Dear George and Tom,
the versionlock file allows us to maintain consistent and reproducible builds and tests in the CI environment.

But not only: the idea behind the versionlock is that it defines the set of RPMs we used for all our tests for a specific CTA version and in production.

If your software stack diverges from this set you are mostly on your own as we cannot support all possible library mixes (xrootd, rados, protobuf,…).

You are right that while we allow for newer versions for xrootd to be installed alongside CTA rpms, librados is strictly versionned in the spec file.
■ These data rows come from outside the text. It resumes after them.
(* Let $G_0$ and $G_1$ be continuous cumulative distribution functions on $\mathbb{R}$ with densities, and for $\epsilon\in(0,1)$ consider the hypotheses $H_0: X_i\overset{\text{i.i.d.}}{\sim}G_0$ versus $H_1: X_i\overset{\text{i.i.d.}}{\sim}\epsilon G_1+(1-\epsilon)G_0$. Let $F_0=G_0$, $F_1=(1-\epsilon)G_0+\epsilon G_1$, $\bar F_j=1-F_j$, and $D_\epsilon(x)=\bar F_1(\bar F_0^{-1}(x))$ for $x\in[0,1]$. For $\tau_1\in(0,1]$, $\tau_2>0$ define \[ E_0=\tau_1(1-\log\tau_1+\log\tau_2),\qquad V_0=\tau_1\bigl(1+(1-\tau_1)(1-\log\tau_1+\log\tau_2)^2\bigr), \] \[ E_1=\int_0^{\tau_1}-\log\!\Big(\frac{u}{\tau_2}\Big)D_\epsilon'(u)\,du,\qquad c_\epsilon(\tau_1,\tau_2)=\frac{(E_1-E_0)^2}{V_0}. \] Then the maximizers $(\tau_1^*,\tau_2^* )$ of $c_\epsilon$ over $(0,1]\times(0,\infty)$ do not depend on $\epsilon$: for any $\epsilon,\epsilon'\in(0,1)$, the set of maximizers of $c_\epsilon$ equals the set of maximizers of $c_{\epsilon'}$.
   Context: Input $p$-values are $P_i=\bar F_0(X_i)$, and the TFisher statistic is $W_n(\tau_1,\tau_2)=\sum_{i=1}^n\bigl(-2\log P_i+2\log\tau_2\bigr)I(P_i\le\tau_1)$; $c_\epsilon(\tau_1,\tau_2)$ is its Bahadur efficiency under the stated mixture alternative (with the parameters of $G_1$ held fixed). *)

theory Defs
  imports "HOL-Analysis.Analysis"
begin

definition cdf_with_density :: "(real \<Rightarrow> real) \<Rightarrow> bool" where
  "cdf_with_density G \<longleftrightarrow> continuous_on UNIV G \<and>
     (\<exists>g. g \<in> borel_measurable borel \<and> (\<forall>x. 0 \<le> g x) \<and> integrable lborel g \<and>
          integral\<^sup>L lborel g = 1 \<and> (\<forall>x. G x = (\<integral>t\<in>{..x}. g t \<partial>lborel)))"

definition Fbar0 :: "(real \<Rightarrow> real) \<Rightarrow> real \<Rightarrow> real" where
  "Fbar0 G0 t = 1 - G0 t"

definition Fbar1 :: "real \<Rightarrow> (real \<Rightarrow> real) \<Rightarrow> (real \<Rightarrow> real) \<Rightarrow> real \<Rightarrow> real" where
  "Fbar1 eps G0 G1 t = 1 - ((1 - eps) * G0 t + eps * G1 t)"

definition Fbar0_inv :: "(real \<Rightarrow> real) \<Rightarrow> real \<Rightarrow> real" where
  "Fbar0_inv G0 x = Inf {t. Fbar0 G0 t \<le> x}"

definition Dfun :: "real \<Rightarrow> (real \<Rightarrow> real) \<Rightarrow> (real \<Rightarrow> real) \<Rightarrow> real \<Rightarrow> real" where
  "Dfun eps G0 G1 x = Fbar1 eps G0 G1 (Fbar0_inv G0 x)"

definition E0 :: "real \<Rightarrow> real \<Rightarrow> real" where
  "E0 t1 t2 = t1 * (1 - ln t1 + ln t2)"

definition V0 :: "real \<Rightarrow> real \<Rightarrow> real" where
  "V0 t1 t2 = t1 * (1 + (1 - t1) * (1 - ln t1 + ln t2)\<^sup>2)"

definition E1 :: "real \<Rightarrow> (real \<Rightarrow> real) \<Rightarrow> (real \<Rightarrow> real) \<Rightarrow> real \<Rightarrow> real \<Rightarrow> real" where
  "E1 eps G0 G1 t1 t2 = integral {0..t1} (\<lambda>u. - ln (u / t2) * deriv (Dfun eps G0 G1) u)"

definition c_eff :: "real \<Rightarrow> (real \<Rightarrow> real) \<Rightarrow> (real \<Rightarrow> real) \<Rightarrow> real \<Rightarrow> real \<Rightarrow> real" where
  "c_eff eps G0 G1 t1 t2 = (E1 eps G0 G1 t1 t2 - E0 t1 t2)\<^sup>2 / V0 t1 t2"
We have removed this constraint from CTA master today and applied the same constraint as for xrootd (>= version).

Our ceph cluster version is 14.2.19 while the client side is 14.2.8, so anything between these 2 should be fine.

Best regards,
Julien Leduc

Hi all,

I unfortunately had to revert my commit that relaxed the version of librados used with CTA:

commit 680f2a96c527e48dddd428a5071254f88bfd3ea3
Author: Steven Murray Steven.Murray@cern.ch
Date: Tue Apr 27 10:19:20 2021 +0200

Revert "Relaxed dependency on radosVersion.  Instead of = we now use >="

This reverts commit 6bbd0afaecf1ff195e94fec80be59c0188ff185c.

It is too dangerous to not pin the version rados to exact version.

I had no choice but to revert because the Ceph developers have demonstrated in the past that they do not respect ABI compatibility between minor versions of Rados.

There are now two possible ways forward:

  1. RAL modifies their local copy of the CTA source to build against and use the exact version of Rados they are happy with.
  2. CERN simply uses the same version of Rados as RAL.

Thanks for the replies, and thanks for confirming that you don’t expect/require the client (CTA) librados versions to match the cluster version.

The simple option seems to be that we mirror what you do:

  • Our CTA machines will stick with whatever version of librados CERN build and test against.
  • Our Ceph cluster can start a recent-ish nautilus release (e.g. 14.2.19), then we can upgrade as needed.

The fact that Ceph Nautlius (14.2.x) is planned to EOL around June is another issue that we can worry about later. In our experience, there is good compatibility when running mismatched client and cluster versions, so I wouldn’t expect any issues upgrading the cluster to the next major version without upgrading the client librados version at the same time, but it definitely feels like a thing for us to test before we go into production if at all possible…

Cheers,
Tom